Problem details —
Count the lines in the records below that contain the word "which", and give only that number.

Stored data:
==============================
lemma gamma_hat_eq_if_tail_decay_rate:
  assumes "0 \<le> \<gamma>" "mgf F \<gamma> < \<infinity>"
    and "((\<lambda>x. tail F (x + 1) / tail F x) \<longlongrightarrow> exp (- \<gamma>)) at_top"
  shows "gamma_hat F = ereal \<gamma>"
  using assms by (intro gamma_hat_eqI mgf_infinite_above_tail_decay_rate)

lemma emeasure_convolution_Ioi_ge:
  assumes "2 * A < x"
  shows "2 * (\<integral>\<^sup>+y. indicator {..A} y * emeasure F {x - y<..} \<partial>F) \<le> emeasure (F \<star> F) {x<..}"
proof -
  interpret pair_sigma_finite F F ..
  let ?I = "\<lambda>u v. indicator {x<..} (u + v) :: ennreal"
  have "(\<integral>\<^sup>+v. indicator {..A} u * ?I u v \<partial>F) = indicator {..A} u * emeasure F {x - u<..}" for u
  proof -
    have "(\<integral>\<^sup>+v. ?I u v \<partial>F) = (\<integral>\<^sup>+v. indicator {x - u<..} v \<partial>F)"
      by (intro nn_integral_cong) (auto simp: indicator_def)
    then show ?thesis
      by (simp add: nn_integral_cmult)
  qed
  then have split: "(\<integral>\<^sup>+u. \<integral>\<^sup>+v. indicator {..A} u * ?I u v \<partial>F \<partial>F)
      = (\<integral>\<^sup>+y. indicator {..A} y * emeasure F {x - y<..} \<partial>F)"
    by simp
  \<comment> \<open>the events \<open>u \<le> A\<close> and \<open>v \<le> A\<close> are disjoint on \<open>{u + v > x}\<close> since \<open>2 * A < x\<close>\<close>
  have "2 * (\<integral>\<^sup>+y. indicator {..A} y * emeasure F {x - y<..} \<partial>F)
      = (\<integral>\<^sup>+u. \<integral>\<^sup>+v. indicator {..A} u * ?I u v \<partial>F \<partial>F) + (\<integral>\<^sup>+v. \<integral>\<^sup>+u. indicator {..A} v * ?I v u \<partial>F \<partial>F)"
    by (simp add: split mult_2)
  also have "\<dots> = (\<integral>\<^sup>+u. \<integral>\<^sup>+v. indicator {..A} u * ?I u v \<partial>F \<partial>F) + (\<integral>\<^sup>+u. \<integral>\<^sup>+v. indicator {..A} v * ?I u v \<partial>F \<partial>F)"
    by (subst Fubini') (simp_all add: add.commute)
  also have "\<dots> = (\<integral>\<^sup>+u. \<integral>\<^sup>+v. indicator {..A} u * ?I u v + indicator {..A} v * ?I u v \<partial>F \<partial>F)"
    by (simp add: nn_integral_add)
  also have "\<dots> \<le> (\<integral>\<^sup>+u. \<integral>\<^sup>+v. ?I u v \<partial>F \<partial>F)"
    using assms by (intro nn_integral_mono) (auto simp: indicator_def)
  also have "\<dots> = emeasure (F \<star> F) {x<..}"
    by (simp add: nn_integral_convolution_self[symmetric])
  finally show ?thesis .
qed
(* Consider the problem $\min_{w\in W}f(w)$, $f(w)=\mu(w)+\sum_{s\in N}\eta_s(w_{(s)})$, under the assumptions of the context, and additionally assume that the gradient $\mu'$ is uniformly continuous on $W$. Let Method (CPL) (described in the context) be applied with any $z^0\in W$, $\beta,\theta\in(0,1)$ and any sequence $\delta_l>0$ decreasing to $0$. Then: (i) for each outer iteration $l$, the number of inner iterations performed before the restart producing $z^l$ is finite; (ii) the sequence $\{z^l\}$ has limit points, every limit point of $\{z^l\}$ is a solution of $\min_{w\in W}f(w)$, and $\lim_{l\to\infty}f(z^l)=f^*$, where $f^*=\min_{w\in W}f(w)$.
   Context: Let $N=\{1,\dots,n\}$ and $\mathbb{R}^m=\prod_{s\in N}\mathbb{R}^{m_s}$, writing $w=(w_{(s)})_{s\in N}$. Let $W=\prod_{s\in N}W_s$ where each $W_s\subset\mathbb{R}^{m_s}$ is nonempty, convex and compact. Let $\mu:\mathbb{R}^m\to\mathbb{R}$ be convex and continuously differentiable, and each $\eta_s:\mathbb{R}^{m_s}\to\mathbb{R}$ convex; $\eta(w)=\sum_s\eta_s(w_{(s)})$, $f=\mu+\eta$. For $w\in W$ and $s\in N$ define $V_s(w)$ as the solution set of $\min_{v_{(s)}\in W_s}\{\langle v_{(s)},\partial\mu(w)/\partial w_{(s)}\rangle+\eta_s(v_{(s)})\}$ and the partial gap $$\varphi_s(w)=\max_{v_{(s)}\in W_s}\Big\{\Big\langle w_{(s)}-v_{(s)},\frac{\partial\mu(w)}{\partial w_{(s)}}\Big\rangle+\eta_s(w_{(s)})-\eta_s(v_{(s)})\Big\}.$$ Method (CPL): Choose $z^0\in W$, $\beta,\theta\in(0,1)$, a sequence $\delta_l\searrow 0$; set $l=1$. Step 0: set $k=0$, $d=0$, $s=1$, $w^0=z^{l-1}$. Step 1: find $v_{(s)}\in V_s(w^k)$ and compute $\varphi_s(w^k)$. If $\varphi_s(w^k)\ge\delta_l$, define $p^k$ by $p^k_{(s)}=v_{(s)}-w^k_{(s)}$ and $p^k_{(i)}=0$ for $i\ne s$, and go to Step 4. Step 2: set $d=d+1$. If $d=n$ (i.e. $n$ consecutive components have been checked with gap below $\delta_l$), set $z^l=w^k$, $l=l+1$ and go to Step 0 (restart). Step 3: set $s=1$ if $s=n$, else $s=s+1$; go to Step 1. Step 4: let $j$ be the smallest nonnegative integer with $f(w^k+\theta^jp^k)\le f(w^k)-\beta\theta^j\varphi_s(w^k)$; set $\lambda_k=\theta^j$, $w^{k+1}=w^k+\lambda_kp^k$, $k=k+1$, $d=0$; set $s=1$ if $s=n$, else $s=s+1$; go to Step 1. *)

theory Defs
  imports "HOL-Analysis.Analysis"
begin

text \<open>The space R^m is modelled as real^'m; its coordinates are partitioned into the
  blocks 1..n by a map blk. The block s component w_(s) is identified with the vector
  bproj blk s w, which agrees with w on the coordinates of block s and is zero elsewhere;
  R^{m_s} is identified with the subspace bsub blk s.\<close>

definition bproj :: "('m::finite \<Rightarrow> nat) \<Rightarrow> nat \<Rightarrow> real^'m \<Rightarrow> real^'m" where
  "bproj blk s w = (\<chi> i. if blk i = s then w $ i else 0)"

definition bsub :: "('m::finite \<Rightarrow> nat) \<Rightarrow> nat \<Rightarrow> (real^'m) set" where
  "bsub blk s = {x. \<forall>i. blk i \<noteq> s \<longrightarrow> x $ i = 0}"

definition prodset :: "('m::finite \<Rightarrow> nat) \<Rightarrow> nat \<Rightarrow> (nat \<Rightarrow> (real^'m) set) \<Rightarrow> (real^'m) set" where
  "prodset blk n Wb = {w. \<forall>s\<in>{1..n}. bproj blk s w \<in> Wb s}"

definition fobj :: "(real^'m \<Rightarrow> real) \<Rightarrow> (nat \<Rightarrow> real^'m \<Rightarrow> real) \<Rightarrow> ('m::finite \<Rightarrow> nat) \<Rightarrow> nat
    \<Rightarrow> real^'m \<Rightarrow> real" where
  "fobj mu eta blk n w = mu w + (\<Sum>s=1..n. eta s (bproj blk s w))"

definition Vset :: "('m::finite \<Rightarrow> nat) \<Rightarrow> (nat \<Rightarrow> (real^'m) set) \<Rightarrow> (real^'m \<Rightarrow> real^'m)
    \<Rightarrow> (nat \<Rightarrow> real^'m \<Rightarrow> real) \<Rightarrow> nat \<Rightarrow> real^'m \<Rightarrow> (real^'m) set" where
  "Vset blk Wb mu' eta s w =
     {v \<in> Wb s. \<forall>u \<in> Wb s. inner v (bproj blk s (mu' w)) + eta s v
                            \<le> inner u (bproj blk s (mu' w)) + eta s u}"

text \<open>partial gap phi_s(w) (the max is attained; written as a supremum)\<close>
definition gap :: "('m::finite \<Rightarrow> nat) \<Rightarrow> (nat \<Rightarrow> (real^'m) set) \<Rightarrow> (real^'m \<Rightarrow> real^'m)
    \<Rightarrow> (nat \<Rightarrow> real^'m \<Rightarrow> real) \<Rightarrow> nat \<Rightarrow> real^'m \<Rightarrow> real" where
  "gap blk Wb mu' eta s w =
     (SUP v \<in> Wb s. inner (bproj blk s w - v) (bproj blk s (mu' w))
                     + eta s (bproj blk s w) - eta s v)"

definition nxt :: "nat \<Rightarrow> nat \<Rightarrow> nat" where
  "nxt n s = (if s = n then 1 else s + 1)"

text \<open>One execution of Step 1 of (CPL) together with the subsequent Step 2/3 or Step 4
  (and, on restart, Step 0). A state is (l, w, s, d): outer index l, current point w^k,
  current block s, counter d. The only freedom is the choice of v in V_s(w).\<close>
definition cpl_step ::
  "(real^'m \<Rightarrow> real) \<Rightarrow> (real^'m \<Rightarrow> real^'m) \<Rightarrow> (nat \<Rightarrow> real^'m \<Rightarrow> real) \<Rightarrow> ('m::finite \<Rightarrow> nat)
   \<Rightarrow> nat \<Rightarrow> (nat \<Rightarrow> (real^'m) set) \<Rightarrow> real \<Rightarrow> real \<Rightarrow> (nat \<Rightarrow> real)
   \<Rightarrow> nat \<times> (real^'m) \<times> nat \<times> nat \<Rightarrow> nat \<times> (real^'m) \<times> nat \<times> nat \<Rightarrow> bool" where
  "cpl_step mu mu' eta blk n Wb \<beta> \<theta> \<delta> \<sigma> \<sigma>' =
    (case \<sigma> of (l, w, s, d) \<Rightarrow>
      (\<exists>v \<in> Vset blk Wb mu' eta s w.
        (let \<phi> = gap blk Wb mu' eta s w; f = fobj mu eta blk n in
         if \<phi> \<ge> \<delta> l then
           (let p = v - bproj blk s w;
                j = (LEAST j::nat. f (w + (\<theta> ^ j) *\<^sub>R p) \<le> f w - \<beta> * \<theta> ^ j * \<phi>)
            in \<sigma>' = (l, w + (\<theta> ^ j) *\<^sub>R p, nxt n s, 0))
         else if d + 1 = n then \<sigma>' = (l + 1, w, 1, 0)
         else \<sigma>' = (l, w, nxt n s, d + 1))))"

text \<open>z^l: the point at which outer iteration l+1 starts (z^0 is the initial point).\<close>
definition cpl_z :: "(nat \<Rightarrow> nat \<times> (real^'m) \<times> nat \<times> nat) \<Rightarrow> nat \<Rightarrow> real^'m" where
  "cpl_z st l = fst (snd (st (LEAST t. fst (st t) = Suc l)))"

end

theory Submission
  imports Defs
begin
==============================
Your solution —
2